Lymphogranuloma venereum (LGV) is caused by Chlamydia trachomatis serovars L1 to L3. (C. trachomatis serovars B and D-K are responsible for the syndromes of non-gonococcal urethritis and cervicitis.)
The primary lesion produced by LGV is a small, non-painful genital papule, which can ulcerate at the site of inoculation after an incubation period of three to 30 days. This lesion can remain undetected within the urethra, vaginal vault, or rectum.
Common clinical manifestations include (1) tender, unilateral, or bilateral inguinal and/or femoral adenopathy, which can become fluctuant; and (2) hemorrhagic proctitis or proctocolitis, which is associated with receptive anal intercourse. The clinical and histologic presentation of LGV proctocolitis can be similar to the initial manifestations of inflammatory bowel disease.

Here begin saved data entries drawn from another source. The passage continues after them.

lemma descent_inequality:
  assumes "z \<in> X"
  shows "(norm (x (Suc k) - z))\<^sup>2 + 2 * lam k * inner (F (y k)) (y k - z)
      + 2 * lam k * (\<eta> k * inner (H (y k)) (y k - z))
    \<le> (1 + \<alpha> k) * (norm (x k - z))\<^sup>2 - \<alpha> k * (norm (x (k - 1) - z))\<^sup>2 + delta k"
proof -
  have "(LF + \<eta> k * LH)-lipschitz_on \<Omega> (\<lambda>u. F u + \<eta> k *\<^sub>R H u)"
    using lipschitz_on_subset[OF lipF] lipschitz_on_subset[OF lipH] sub eta_pos[of k]
    by (intro lipschitz_on_add lipschitz_on_cmult_nonneg) auto
  then have "(norm (x (Suc k) - z))\<^sup>2
      \<le> (norm (w k - z))\<^sup>2 - 2 * lam k * inner (F (y k) + \<eta> k *\<^sub>R H (y k)) (y k - z)"
    using compact_imp_closed[OF X(1)] X(2) \<Omega> sub(1) lam_pos[of k] step_size[of k] assms
    by (intro extragradient_step_ineq[where w = "w k"]) (auto simp: y_def w'_def x_def less_imp_le)
  moreover have "w k - z = (1 + \<alpha> k) *\<^sub>R (x k - z) - \<alpha> k *\<^sub>R (x (k - 1) - z)"
    using w_def[of k] by (simp add: algebra_simps)
  ultimately show ?thesis
    using norm_extrapolation_power2[of "\<alpha> k" "x k - z" "x (k - 1) - z"]
    by (simp add: delta_def inner_add_left distrib_left)
qed

lemma sum_lam_pos: "k \<ge> 1 \<Longrightarrow> 0 < (\<Sum>j<k. lam j)"
  using lam_pos by (intro sum_pos) (auto simp: lessThan_empty_iff)

lemma ybar_in_X:
  assumes "k \<ge> 1"
  shows "ybar k \<in> X"
proof -
  have "ybar k = (\<Sum>j<k. (lam j / (\<Sum>i<k. lam i)) *\<^sub>R y j)"
    unfolding ybar_def by (simp add: scaleR_sum_right)
  also have "\<dots> \<in> X"
    using sum_lam_pos[OF assms] lam_pos y_in_X
    by (intro convex_sum[OF _ X(2)]) (auto simp: sum_divide_distrib[symmetric] less_imp_le)
  finally show ?thesis .
qed
lemma emeasure_lborel_eq_emeasure_vimage_phi:
  assumes "A \<in> sets lebesgue_01"
  shows "emeasure lborel A = emeasure \<mu> (\<phi> -` A \<inter> space \<mu>)"
proof -
  have "emeasure lborel A = emeasure lebesgue_01 A"
    using assms by (subst emeasure_restrict_space) (auto simp: sets_lebesgue_01_iff)
  also have "\<dots> = emeasure \<mu> (\<phi> -` A \<inter> space \<mu>)"
    by (subst distr_phi[symmetric]) (rule emeasure_distr[OF phi_measurable_lebesgue_01 assms])
  finally show ?thesis .
qed

subsection \<open>Inverting \<open>\<phi>\<close> off a null set\<close>

definition phi_inv :: "real \<Rightarrow> nat \<Rightarrow> 'a" where
  "phi_inv x = inv_into L (phi_hat L \<mu>) (x, True)"

lemma fst_phi_hat: "fst (phi_hat L \<mu> w) = \<phi> w"
  by (simp add: phi_hat_def)

lemma phi_hat_fibre_greatest:
  assumes "\<forall>v\<in>L. \<phi> v = \<phi> w \<longrightarrow> lex_le v w"
  shows "phi_hat L \<mu> w = (\<phi> w, True)"
proof -
  have "\<not> (\<exists>w'. {v\<in>L. \<phi> v = \<phi> w} = {w, w'} \<and> lex_less w w')"
  proof
    assume "\<exists>w'. {v\<in>L. \<phi> v = \<phi> w} = {w, w'} \<and> lex_less w w'"
    then obtain w' where "w' \<in> L" "\<phi> w' = \<phi> w" "lex_less w w'"
      by blast
    then show False
      using assms lex.leD by blast
  qed
  then show ?thesis
    unfolding phi_hat_def by (rule if_not_P)
qed

lemma phi_hat_True_imp_fibre_greatest:
  assumes "w \<in> L" "snd (phi_hat L \<mu> w)" "v \<in> L" "\<phi> v = \<phi> w"
  shows "lex_le v w"
proof (rule ccontr)
  assume "\<not> lex_le v w"
  then have "lex_less w v"
    by (simp add: lex.not_le)
  moreover from this have "{u\<in>L. \<phi> u = \<phi> w} = {w, v}"
    using phi_fibre[OF assms(1,3)] assms(4) by simp
  ultimately have "\<exists>w'. {u\<in>L. \<phi> u = \<phi> w} = {w, w'} \<and> lex_less w w'"
    by blast
  then have "phi_hat L \<mu> w = (\<phi> w, False)"
    unfolding phi_hat_def by (rule if_P)
  then show False
    using assms(2) by simp
qed

lemma phi_inv_greatest:
  assumes "0 \<le> x" "x \<le> 1"
  shows "phi_inv x \<in> L" "\<phi> (phi_inv x) = x"
    and "\<And>v. v \<in> L \<Longrightarrow> \<phi> v \<le> x \<Longrightarrow> lex_le v (phi_inv x)"
proof -
  obtain w where w: "w \<in> L" "\<phi> w = x" "\<forall>v\<in>L. \<phi> v \<le> x \<longrightarrow> lex_le v w"
    using phi_level_greatest[OF assms] by blast
  then have "phi_hat L \<mu> w = (x, True)"
    using phi_hat_fibre_greatest[of w] by simp
  then have img: "(x, True) \<in> phi_hat L \<mu> ` L"
    using w(1) by (rule image_eqI[OF sym])
  have p: "phi_inv x \<in> L" "phi_hat L \<mu> (phi_inv x) = (x, True)"
    unfolding phi_inv_def by (rule inv_into_into[OF img], rule f_inv_into_f[OF img])
  then have "\<phi> (phi_inv x) = x"
    using fst_phi_hat[of "phi_inv x"] by simp
  have "phi_inv x = w"
  proof (rule lex.order_antisym)
    show "lex_le (phi_inv x) w"
      using w(3) p(1) \<open>\<phi> (phi_inv x) = x\<close> by simp
    show "lex_le w (phi_inv x)"
      using phi_hat_True_imp_fibre_greatest[OF p(1) _ w(1)] p(2) w(2) \<open>\<phi> (phi_inv x) = x\<close>
      by simp
  qed
  then show "phi_inv x \<in> L" "\<phi> (phi_inv x) = x"
    and "\<And>v. v \<in> L \<Longrightarrow> \<phi> v \<le> x \<Longrightarrow> lex_le v (phi_inv x)"
    using w by auto
qed

lemma phi_inv_mono: "0 \<le> a \<Longrightarrow> a \<le> b \<Longrightarrow> b \<le> 1 \<Longrightarrow> lex_le (phi_inv a) (phi_inv b)"
  using phi_inv_greatest[of a] phi_inv_greatest[of b] by simp

lemma is_interval_phi_inv_vimage_cyl: "is_interval {x\<in>{0..1}. phi_inv x \<in> cyl u}"
  unfolding is_interval_1
proof (intro ballI allI impI)
  fix a b c :: real
  assume ab: "a \<in> {x\<in>{0..1}. phi_inv x \<in> cyl u}" "b \<in> {x\<in>{0..1}. phi_inv x \<in> cyl u}"
    and c: "a \<le> c \<and> c \<le> b"
  then have "lex_le (phi_inv a) (phi_inv c)" "lex_le (phi_inv c) (phi_inv b)"
    by (auto intro: phi_inv_mono)
  moreover have "\<forall>i<length u. phi_inv a i = phi_inv b i"
    using ab by (auto simp: cyl_def)
  ultimately have "\<forall>i<length u. phi_inv c i = phi_inv b i"
    by (rule lex_between_common_prefix[rotated])
  then show "c \<in> {x\<in>{0..1}. phi_inv x \<in> cyl u}"
    using ab c by (auto simp: cyl_def)
qed

lemma phi_inv_measurable: "phi_inv \<in> measurable lebesgue_01 \<mu>"
proof (rule measurable_sigma_sets[OF borel])
  show "{U. openin (subtopology cantor_top L) U} \<subseteq> Pow L"
    using openin_subset by fastforce
  show "phi_inv \<in> space lebesgue_01 \<rightarrow> L"
    using phi_inv_greatest by (auto simp: space_restrict_space)
  fix y assume "y \<in> {U. openin (subtopology cantor_top L) U}"
  then obtain V where V: "openin cantor_top V" "y = V \<inter> L"
    by (auto simp: openin_subtopology)
  \<comment> \<open>Open sets are countable unions of cylinders, which \<open>phi_inv\<close> pulls back to intervals.\<close>
  have "phi_inv x \<in> V \<longleftrightarrow> (\<exists>u. cyl u \<subseteq> V \<and> phi_inv x \<in> cyl u)" for x
    using openin_cantor_top_cyl_subset[OF V(1), of "phi_inv x"] mem_cyl_word_prefix by blast
  then have "phi_inv -` y \<inter> space lebesgue_01 = (\<Union>u\<in>{u. cyl u \<subseteq> V}. {x\<in>{0..1}. phi_inv x \<in> cyl u})"
    using V(2) phi_inv_greatest(1) by (auto simp: space_restrict_space)
  moreover have "{x\<in>{0..1}. phi_inv x \<in> cyl u} \<in> sets lebesgue_01" for u
    using is_interval_phi_inv_vimage_cyl[of u]
    by (auto simp: sets_lebesgue_01_iff intro: real_interval_borel_measurable)
  ultimately show "phi_inv -` y \<inter> space lebesgue_01 \<in> sets lebesgue_01"
    by (auto intro: sets.countable_UN')
qed

lemma T_L_eq: "T_L L \<mu> x = \<phi> (shift_map (phi_inv x))"
  by (simp add: T_L_def T_hat_def kappa_def iota_def phi_inv_def fst_phi_hat)

text \<open>\<open>\<phi>\<close> identifies two words only when they bound a gap of \<open>L\<close>; the smaller one is
  then the maximum of one of its own cylinders, and there are only countably many such maxima.\<close>

definition cyl_max :: "'a list \<Rightarrow> nat \<Rightarrow> 'a" where
  "cyl_max u = (THE w. w \<in> L \<inter> cyl u \<and> (\<forall>v\<in>L \<inter> cyl u. lex_le v w))"

definition cyl_maxima :: "(nat \<Rightarrow> 'a) set" where
  "cyl_maxima = (\<Union>u. {cyl_max u} \<inter> L)"

lemma cyl_max_eqI:
  assumes "w \<in> L \<inter> cyl u" "\<forall>v\<in>L \<inter> cyl u. lex_le v w"
  shows "cyl_max u = w"
  unfolding cyl_max_def
proof (rule the_equality)
  show "w \<in> L \<inter> cyl u \<and> (\<forall>v\<in>L \<inter> cyl u. lex_le v w)"
    using assms by blast
  show "y = w" if "y \<in> L \<inter> cyl u \<and> (\<forall>v\<in>L \<inter> cyl u. lex_le v y)" for y
    using that assms lex.order_antisym by blast
qed

lemma cyl_maxima_null: "cyl_maxima \<in> null_sets \<mu>"
  unfolding cyl_maxima_def
  by (intro null_sets_UN) (simp add: null_sets_def sets_singleton P.emeasure_eq_measure measure_singleton)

Diagnosis is based primarily on clinical findings; routine laboratory confirmation might not be possible.
Serologic tests for C. trachomatis (i.e., microimmuno-fluorescence or complement fixation) can support diagnosis.

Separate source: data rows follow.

lemma emeasure_ball_large_scale_comparable:
  fixes M :: "'a::metric_space measure"
  assumes sets_M: "sets M = sets borel"
    and ball_pos: "\<And>x r. r > 0 \<Longrightarrow> 0 < emeasure M (ball x r)"
    and ball_finite: "\<And>x r. emeasure M (ball x r) < \<infinity>"
    and growth:
      "Limsup at_top (\<lambda>r. ereal (measure M (ball y0 (r + 1)) / measure M (ball y0 r))) < \<infinity>"
  shows "\<exists>C<\<infinity>. \<exists>r1. \<forall>r\<ge>r1. emeasure M (ball a (r + dist a b)) \<le> C * emeasure M (ball b r)"
proof -
  obtain c s0 where iterate:
    "\<And>n s. s \<ge> s0 \<Longrightarrow> emeasure M (ball y0 (s + real n)) \<le> ennreal (c ^ n) * emeasure M (ball y0 s)"
    using emeasure_ball_iterated_growth[OF ball_pos ball_finite growth] by blast
  define n where "n = nat \<lceil>dist a b + dist a y0 + dist b y0\<rceil>"
  have "emeasure M (ball a (r + dist a b)) \<le> ennreal (c ^ n) * emeasure M (ball b r)"
    if "r \<ge> s0 + dist b y0" for r
  proof -
    have "dist a b + dist a y0 + dist b y0 \<le> real n"
      unfolding n_def by linarith
    then have "ball a (r + dist a b) \<subseteq> ball y0 ((r - dist b y0) + real n)"
      using ball_subset_ball_dist[of a "r + dist a b" y0] by (auto simp: dist_commute)
    then have "emeasure M (ball a (r + dist a b)) \<le> emeasure M (ball y0 ((r - dist b y0) + real n))"
      by (rule emeasure_mono) (simp add: sets_M)
    also have "\<dots> \<le> ennreal (c ^ n) * emeasure M (ball y0 (r - dist b y0))"
      using that by (intro iterate) simp
    also have "\<dots> \<le> ennreal (c ^ n) * emeasure M (ball b r)"
      using ball_subset_ball_dist[of y0 "r - dist b y0" b]
      by (intro mult_left_mono emeasure_mono) (auto simp: sets_M dist_commute)
    finally show ?thesis .
  qed
  moreover have "ennreal (c ^ n) < \<infinity>"
    by simp
  ultimately show ?thesis
    by blast
qed

lemma le_mult_if_divide_le_ennreal:
  fixes a b c :: ennreal
  assumes "a / b \<le> c" "b \<noteq> 0" "b < \<infinity>"
  shows "a \<le> c * b"
proof -
  have "a = a / b * b"
    using assms(2,3) by (simp add: ennreal_divide_times ennreal_times_divide mult_divide_eq_ennreal)
  also have "\<dots> \<le> c * b"
    using assms(1) by (rule mult_right_mono) simp
  finally show ?thesis .
qed

lemma ratio_bounded_at_large_scales:
  fixes M \<nu> :: "'a::metric_space measure"
  assumes sets_M: "sets M = sets borel" and sets_\<nu>: "sets \<nu> = sets borel"
    and ball_pos: "\<And>x r. r > 0 \<Longrightarrow> 0 < emeasure M (ball x r)"
    and ball_finite: "\<And>x r. emeasure M (ball x r) < \<infinity>"
    and growth:
      "Limsup at_top (\<lambda>r. ereal (measure M (ball y0 (r + 1)) / measure M (ball y0 r))) < \<infinity>"
    and \<nu>_ball_finite: "\<And>x r. emeasure \<nu> (ball x r) < \<infinity>"
    and bounded_at_x0: "\<And>r. r > 0 \<Longrightarrow> emeasure \<nu> (ball x0 r) \<le> L * emeasure M (ball x0 r)"
    and "L < \<infinity>"
  shows "\<exists>B<\<infinity>. \<forall>r\<ge>1. emeasure \<nu> (ball x r) \<le> B * emeasure M (ball x r)"
proof -
  obtain C r1 where "C < \<infinity>"
    and comparable: "\<And>r. r \<ge> r1 \<Longrightarrow> emeasure M (ball x0 (r + dist x0 x)) \<le> C * emeasure M (ball x r)"
    using emeasure_ball_large_scale_comparable[OF sets_M ball_pos ball_finite growth] by blast
  define r2 where "r2 = max r1 1"
  define B where "B = max (L * C) (emeasure \<nu> (ball x r2) / emeasure M (ball x 1))"
  have M_ball_1: "emeasure M (ball x 1) \<noteq> 0" "emeasure M (ball x 1) < \<infinity>"
    using ball_pos[of 1 x] ball_finite[of x 1] by auto
  have "L * C < \<infinity>"
    using \<open>L < \<infinity>\<close> \<open>C < \<infinity>\<close> by (simp add: ennreal_mult_less_top)
  moreover have "emeasure \<nu> (ball x r2) / emeasure M (ball x 1) < \<infinity>"
    using \<nu>_ball_finite[of x r2] M_ball_1 by (simp add: ennreal_divide_eq_top_iff flip: less_top)
  ultimately have "B < \<infinity>"
    by (simp add: B_def)
  moreover have "emeasure \<nu> (ball x r) \<le> B * emeasure M (ball x r)" if "r \<ge> 1" for r
  proof (cases "r \<ge> r2")
    case True
    have "emeasure \<nu> (ball x r) \<le> emeasure \<nu> (ball x0 (r + dist x0 x))"
      using ball_subset_ball_dist[of x r x0]
      by (intro emeasure_mono) (auto simp: sets_\<nu> dist_commute)
    also have "\<dots> \<le> L * emeasure M (ball x0 (r + dist x0 x))"
      by (intro bounded_at_x0) (use that zero_le_dist[of x0 x] in linarith)
    also have "\<dots> \<le> L * (C * emeasure M (ball x r))"
      using True by (intro mult_left_mono comparable) (auto simp: r2_def)
    also have "\<dots> \<le> B * emeasure M (ball x r)"
      by (simp add: B_def mult.assoc[symmetric] mult_right_mono)
    finally show ?thesis .
  next
    case False
    have "emeasure \<nu> (ball x r) \<le> emeasure \<nu> (ball x r2)"
      using False by (intro emeasure_mono subset_ball) (auto simp: sets_\<nu>)
    also have "\<dots> \<le> emeasure \<nu> (ball x r2) / emeasure M (ball x 1) * emeasure M (ball x 1)"
      using M_ball_1 by (intro le_mult_if_divide_le_ennreal) simp_all
    also have "\<dots> \<le> B * emeasure M (ball x r)"
      using that by (intro mult_mono emeasure_mono subset_ball) (auto simp: B_def sets_M)
    finally show ?thesis .
  qed
  ultimately show ?thesis
    by blast
qed

section \<open>The centred maximal function of a measure\<close>

definition centered_max_measure :: "'a::metric_space measure \<Rightarrow> 'a measure \<Rightarrow> 'a \<Rightarrow> ennreal" where
  "centered_max_measure M \<nu> x = (SUP r\<in>{0<..}. emeasure \<nu> (ball x r) / emeasure M (ball x r))"

lemma centered_max_eq_centered_max_measure_density:
  assumes "sets M = sets borel" "f \<in> borel_measurable M"
  shows "centered_max M f x = centered_max_measure M (density M (\<lambda>y. ennreal \<bar>f y\<bar>)) x"
  using assms by (simp add: centered_max_def centered_max_measure_def emeasure_density)

lemma emeasure_ball_le_centered_max_measure:
  assumes "r > 0" "0 < emeasure M (ball x r)" "emeasure M (ball x r) < \<infinity>"
  shows "emeasure \<nu> (ball x r) \<le> centered_max_measure M \<nu> x * emeasure M (ball x r)"
  using assms unfolding centered_max_measure_def
  by (intro le_mult_if_divide_le_ennreal) (auto intro: SUP_upper)

lemma exceeding_ratio_at_small_scale:
  fixes M \<nu> :: "'a::metric_space measure"
  assumes unbounded: "centered_max_measure M \<nu> x = \<infinity>"
    and ball_pos: "\<And>r. r > 0 \<Longrightarrow> 0 < emeasure M (ball x r)"
    and "B < \<infinity>" and large: "\<And>r. r \<ge> 1 \<Longrightarrow> emeasure \<nu> (ball x r) \<le> B * emeasure M (ball x r)"
  shows "\<exists>r. 0 < r \<and> r < 1 \<and> of_nat K * emeasure M (ball x r) < emeasure \<nu> (ball x r)"
proof (rule ccontr)
  assume "\<not> ?thesis"
  then have small: "emeasure \<nu> (ball x r) \<le> of_nat K * emeasure M (ball x r)"
    if "0 < r" "r < 1" for r
    using that by (meson not_less)
  define T where "T = max (of_nat K) B"
  have "emeasure \<nu> (ball x r) \<le> T * emeasure M (ball x r)" if "r > 0" for r
  proof (cases "r < 1")
    case True
    then have "emeasure \<nu> (ball x r) \<le> of_nat K * emeasure M (ball x r)"
      using small that by blast
    also have "\<dots> \<le> T * emeasure M (ball x r)"
      by (intro mult_right_mono) (simp_all add: T_def)
    finally show ?thesis .
  next
    case False
    then have "emeasure \<nu> (ball x r) \<le> B * emeasure M (ball x r)"
      using large by simp
    also have "\<dots> \<le> T * emeasure M (ball x r)"
      by (intro mult_right_mono) (simp_all add: T_def)
    finally show ?thesis .
  qed
  then have "emeasure \<nu> (ball x r) / emeasure M (ball x r) \<le> T" if "r > 0" for r
    using ball_pos[OF that] that by (simp add: divide_le_posI_ennreal mult.commute)
  then have "centered_max_measure M \<nu> x \<le> T"
    unfolding centered_max_measure_def by (intro SUP_least) simp
  moreover have "T < \<infinity>"
    using \<open>B < \<infinity>\<close> by (simp add: T_def of_nat_less_top)
  ultimately show False
    using unbounded by simp
qed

Direct identification of C. trachomatis from a lesion (i.e., bubo) or site of the infection (e.g., rectum) can be made by using culture or by using nonculture nucleic acid testing; however, neither method is specific for LGV, and use of rectal swabs for nucleic acid testing is not cleared by the U.S. Food and Drug Administration.

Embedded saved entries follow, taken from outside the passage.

theorem birkhoff_indicator:
  assumes [measurable]: "A \<in> sets M"
  shows "AE x in M. (\<lambda>n. birkhoff_sum (indicator A) n x / n) \<longlonglongrightarrow> prob A"
proof -
  let ?S = "\<lambda>n x. birkhoff_sum (indicator A) n x"
  have "AE x in M. \<forall>j. \<exists>N. \<forall>n\<ge>N. ?S n x \<le> (prob A + 1 / Suc j) * n"
    by (subst AE_all_countable) (auto intro: AE_eventually_birkhoff_sum_indicator_le)
  moreover have "AE x in M. \<forall>j. \<exists>N. \<forall>n\<ge>N.
      birkhoff_sum (indicator (space M - A)) n x \<le> (prob (space M - A) + 1 / Suc j) * n"
    by (subst AE_all_countable) (auto intro: AE_eventually_birkhoff_sum_indicator_le)
  ultimately show ?thesis
    using AE_space
  proof eventually_elim
    case (elim x)
    show ?case
    proof (rule LIMSEQ_I)
      fix r :: real assume "0 < r"
      then obtain j :: nat where j: "1 / Suc j < r"
        by (metis nat_approx_posE)
      obtain N1 where N1: "\<forall>n\<ge>N1. ?S n x \<le> (prob A + 1 / Suc j) * n"
        using elim(1) by blast
      obtain N2 where N2: "\<forall>n\<ge>N2. n - ?S n x \<le> (1 - prob A + 1 / Suc j) * n"
        using elim(2,3) by (auto simp: birkhoff_sum_indicator_compl prob_compl)
      have "\<bar>?S n x / n - prob A\<bar> < r" if n: "max 1 (max N1 N2) \<le> n" for n
      proof -
        have "(prob A - 1 / Suc j) * n \<le> ?S n x" "?S n x \<le> (prob A + 1 / Suc j) * n"
          using N1 N2 n by (auto simp: algebra_simps)
        moreover have "0 < real n"
          using n by auto
        ultimately have "prob A - 1 / Suc j \<le> ?S n x / n" "?S n x / n \<le> prob A + 1 / Suc j"
          by (simp_all add: pos_divide_le_eq pos_le_divide_eq)
        with j show ?thesis
          by (auto simp: abs_if)
      qed
      then show "\<exists>N. \<forall>n\<ge>N. norm (?S n x / n - prob A) < r"
        by (intro exI[of _ "max 1 (max N1 N2)"]) auto
    qed
  qed
qed

lemma birkhoff_indicator_L1:
  assumes [measurable]: "A \<in> sets M"
  shows "(\<lambda>n. (\<integral>x. \<bar>birkhoff_sum (indicator A) n x - n * prob A\<bar> \<partial>M) / n) \<longlonglongrightarrow> 0"
proof -
  define u where "u n x = \<bar>birkhoff_sum (indicator A) n x / n - prob A\<bar>" for n x
  have [measurable]: "u n \<in> borel_measurable M" for n
    unfolding u_def by measurable
  have "AE x in M. (\<lambda>n. u n x) \<longlonglongrightarrow> 0"
    using birkhoff_indicator[OF assms]
    by eventually_elim (unfold u_def, intro tendsto_rabs_zero LIM_zero)
  moreover have "AE x in M. norm (u n x) \<le> 1 + prob A" for n
  proof (intro AE_I2)
    fix x
    have "0 \<le> birkhoff_sum (indicator A) n x / n" "birkhoff_sum (indicator A) n x / n \<le> 1"
      using birkhoff_sum_indicator_bounds[of A n x] by (auto simp: divide_le_eq)
    then show "norm (u n x) \<le> 1 + prob A"
      using measure_nonneg[of M A] unfolding u_def real_norm_def abs_le_iff by (intro conjI; linarith)
  qed
  ultimately have "(\<lambda>n. \<integral>x. u n x \<partial>M) \<longlonglongrightarrow> (\<integral>x. 0 \<partial>M)"
    by (intro integral_dominated_convergence[where w = "\<lambda>x. 1 + prob A"]) auto
  then have "(\<lambda>n. \<integral>x. u n x \<partial>M) \<longlonglongrightarrow> 0"
    by simp
  moreover have "\<forall>\<^sub>F n in sequentially.
      (\<integral>x. u n x \<partial>M) = (\<integral>x. \<bar>birkhoff_sum (indicator A) n x - n * prob A\<bar> \<partial>M) / n"
  proof (rule eventually_sequentiallyI[of 1])
    fix n :: nat assume "1 \<le> n"
    then have "u n x = \<bar>birkhoff_sum (indicator A) n x - n * prob A\<bar> / n" for x
      by (simp add: u_def field_simps abs_div_pos[symmetric])
    then show "(\<integral>x. u n x \<partial>M) = (\<integral>x. \<bar>birkhoff_sum (indicator A) n x - n * prob A\<bar> \<partial>M) / n"
      by simp
  qed
  ultimately show ?thesis
    by (rule Lim_transform_eventually)
qed

lemma AE_birkhoff_indicator_comp_T:
  assumes "A \<in> sets M"
  shows "AE x in M. (\<lambda>n. birkhoff_sum (indicator A) n (T x) / n) \<longlonglongrightarrow> prob A"
proof -
  have "AE x in distr M M T. (\<lambda>n. birkhoff_sum (indicator A) n x / n) \<longlonglongrightarrow> prob A"
    unfolding T_preserving by (rule birkhoff_indicator[OF assms])
  then show ?thesis
    by (rule AE_distrD[OF T_measurable])
qed

lemma sum_measure_vimage_inter_eq_integral:
  assumes [measurable]: "A \<in> sets M" "B \<in> sets M"
  shows "(\<Sum>j<n. prob ((T ^^ j) -` A \<inter> space M \<inter> B))
    = (\<integral>x. indicator B x * birkhoff_sum (indicator A) n x \<partial>M)"
proof -
  have "prob ((T ^^ j) -` A \<inter> space M \<inter> B) = (\<integral>x. indicator B x * indicator A ((T ^^ j) x) \<partial>M)" for j
  proof -
    have "prob ((T ^^ j) -` A \<inter> space M \<inter> B) = (\<integral>x. indicator ((T ^^ j) -` A \<inter> space M \<inter> B) x \<partial>M)"
      by simp
    also have "\<dots> = (\<integral>x. indicator B x * indicator A ((T ^^ j) x) \<partial>M)"
      by (intro Bochner_Integration.integral_cong) (auto simp: indicator_def)
    finally show ?thesis .
  qed
  moreover have "integrable M (\<lambda>x. indicator B x * indicator A ((T ^^ j) x) :: real)" for j
    by (intro integrable_const_bound[of _ 1]) (auto simp: indicator_def)
  ultimately show ?thesis
    unfolding birkhoff_sum_def by (simp add: sum_distrib_left Bochner_Integration.integral_sum[symmetric])
qed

The recommended treatment is administration of 10 mg of doxycycline, twice daily for 21 days. Alternative treatment is 500 mg of erythromycin base orally, four times a day for 21 days. Some subspecialists believe 1 g of azithromycin, administered orally once weekly for three weeks, is effective; however, clinical data are lacking.
Sex partners who had contact with the patient within 30 days of the patient's onset of symptoms should be evaluated; in the absence of symptoms, they should be treated with either 1 g of azithromycin in a single dose, or 100 mg of doxycycline, twice a day for seven days.